And Pat - you definitely win the gaper award today. The fact that you tooled that dude just standing there was bad enough, but watching you struggle to get yourself organized was simply classic! Happy 420! .


----------



## 2knees (Apr 20, 2007)

Greg said:


> And Pat - you definitely win the gaper award today. The fact that you tooled that dude just standing there was bad enough, but watching you struggle to get yourself organized was simply classic! Happy 420! .

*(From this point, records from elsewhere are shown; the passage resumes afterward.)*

lemma zero_bordered_column_perm:
  "j < r \<Longrightarrow> (\<lambda>i. Q i j) ` {..<n} = {0..<int n}"
proof -
  assume "j < r"
  then have "(\<lambda>i. Q i j) ` {..<n} = (\<lambda>i. C i j) ` {..<n}"
    by (intro image_cong) (auto simp: zero_bordered_def)
  then show ?thesis using columns_perm \<open>j < r\<close> by simp
qed

lemma zero_bordered_diff:
  assumes "j < r" "j' < r" "j \<noteq> j'"
  shows "(\<lambda>i. (Q i j - Q i j') mod int n) ` {..<n} = {1..<int n}"
proof -
  have "(\<lambda>i. (C i j - C i j') mod int n) ` {..<n} = {1..<int n}"
  proof (cases "j' < j")
    case True
    then show ?thesis using columns_diff assms by blast
  next
    case False
    then have "(\<lambda>i. (C i j' - C i j) mod int n) ` {..<n} = {1..<int n}"
      using columns_diff assms by simp
    from image_uminus_mod_nonzero_residues[OF this] show ?thesis by simp
  qed
  moreover have "(\<lambda>i. (Q i j - Q i j') mod int n) ` {..<n} = (\<lambda>i. (C i j - C i j') mod int n) ` {..<n}"
    using assms by (intro image_cong) (auto simp: zero_bordered_def)
  ultimately show ?thesis by simp
qed

lemma zero_bordered_is_matrix: "is_matrix_Zn (Suc r) (n + 1) n Q"
  using zero_bordered_column_perm n_pos
  unfolding is_matrix_Zn_def zero_bordered_def by (fastforce simp: image_subset_iff)

lemma zero_bordered_covers:
  assumes "j < Suc r" "j' < Suc r" "j \<noteq> j'" "d \<in> {0..<int n}"
  shows "\<exists>i<n + 1. (Q i j - Q i j') mod int n = d"
proof -
  consider "d = 0" | "j < r" "j' < r" "d \<noteq> 0" | "j = r" "j' < r" "d \<noteq> 0" | "j < r" "j' = r"
    using assms by linarith
  then show ?thesis
  proof cases
    case 1
    then show ?thesis by (intro exI[of _ n]) (simp add: zero_bordered_def)
  next
    case 2
    then have "d \<in> (\<lambda>i. (Q i j - Q i j') mod int n) ` {..<n}"
      using zero_bordered_diff[OF 2(1,2) assms(3)] assms(4) by simp
    then obtain i where "i < n" "(Q i j - Q i j') mod int n = d" by blast
    then show ?thesis by (intro exI[of _ i]) simp
  next
    case 3
    have "int n - d \<in> (\<lambda>i. Q i j') ` {..<n}"
      using zero_bordered_column_perm[OF 3(2)] 3(3) assms(4) by auto
    then obtain i where "i < n" "Q i j' = int n - d" by (auto simp: image_iff)
    then show ?thesis using 3 assms(4) by (intro exI[of _ i]) (simp add: zero_bordered_def)
  next
    case 4
    then have "d \<in> (\<lambda>i. Q i j) ` {..<n}"
      using zero_bordered_column_perm[OF 4(1)] assms(4) by simp
    then obtain i where "i < n" "Q i j = d" by blast
    then show ?thesis using 4 assms(4) by (intro exI[of _ i]) (simp add: zero_bordered_def)
  qed
qed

that whole sequence was just ridiculous.  i shoulda been wearing jeans and rear entry boots.


----------



## Greg (Apr 20, 2007)

Some pics (click to enlarge):

*thetrailboss on Catwalk*








*Greg on Catwalk*




*Killington*




*Killington Peak Zoom*




All pics here:
http://forums.alpinezone.com/gallery/showgallery.php/cat/732


----------



## Greg (Apr 20, 2007)

*Video!*

*High Res:*
*Killington - 4/20/2007* (31 MB)

*YouTube:*


----------



## 2knees (Apr 23, 2007)

nice video greg but you should've left in your spread eagle almost into steve's stomach.  :smile:


----------



## Greg (Apr 23, 2007)

2knees said:


> nice video greg but you should've left in your spread eagle almost into steve's stomach.  :smile:



That was the lamest spread attempt ever and I certainly wouldn't want to infringe upon your gaper status... :lol:


----------



## powhunter (Apr 23, 2007)

2knees said:


> nice video greg but you should've left in your spread eagle almost into steve's stomach.  :smile:



Yea whats up greg...also you didnt put my epic crash in your vid.....I need video analysis so I can be more "stylish" in future faceplants...   Was up at ktown sunday met up with the trailboss and did some hits with him...it was another great spring day...anyone up for next sunday??

steve


----------



## Greg (Apr 23, 2007)

powhunter said:


> Yea whats up greg...also you didnt put my epic crash in your vid.....I need video analysis so I can be more "stylish" in future faceplants...



Ha! You know, this idea just came to me, but perhaps I'll put together a video of all the season's best bobbles and crashes. You Steve, will likely be the star!


----------



## roark (Apr 23, 2007)

Greg said:


> Ha! You know, this idea just came to me, but perhaps I'll put together a video of all the season's best bobbles and crashes. You Steve, will likely be the star!


How'd it compare to Pat's dart like faceplant (man I wish I'd seen that!)


----------



## Greg (Apr 23, 2007)

roark said:


> How'd it compare to Pat's dart like faceplant (man I wish I'd seen that!)



Unfortunately, I don't have the lawn dart on video. Steve's crash sort of looked like a rag doll rolling down the trail...:lol:


----------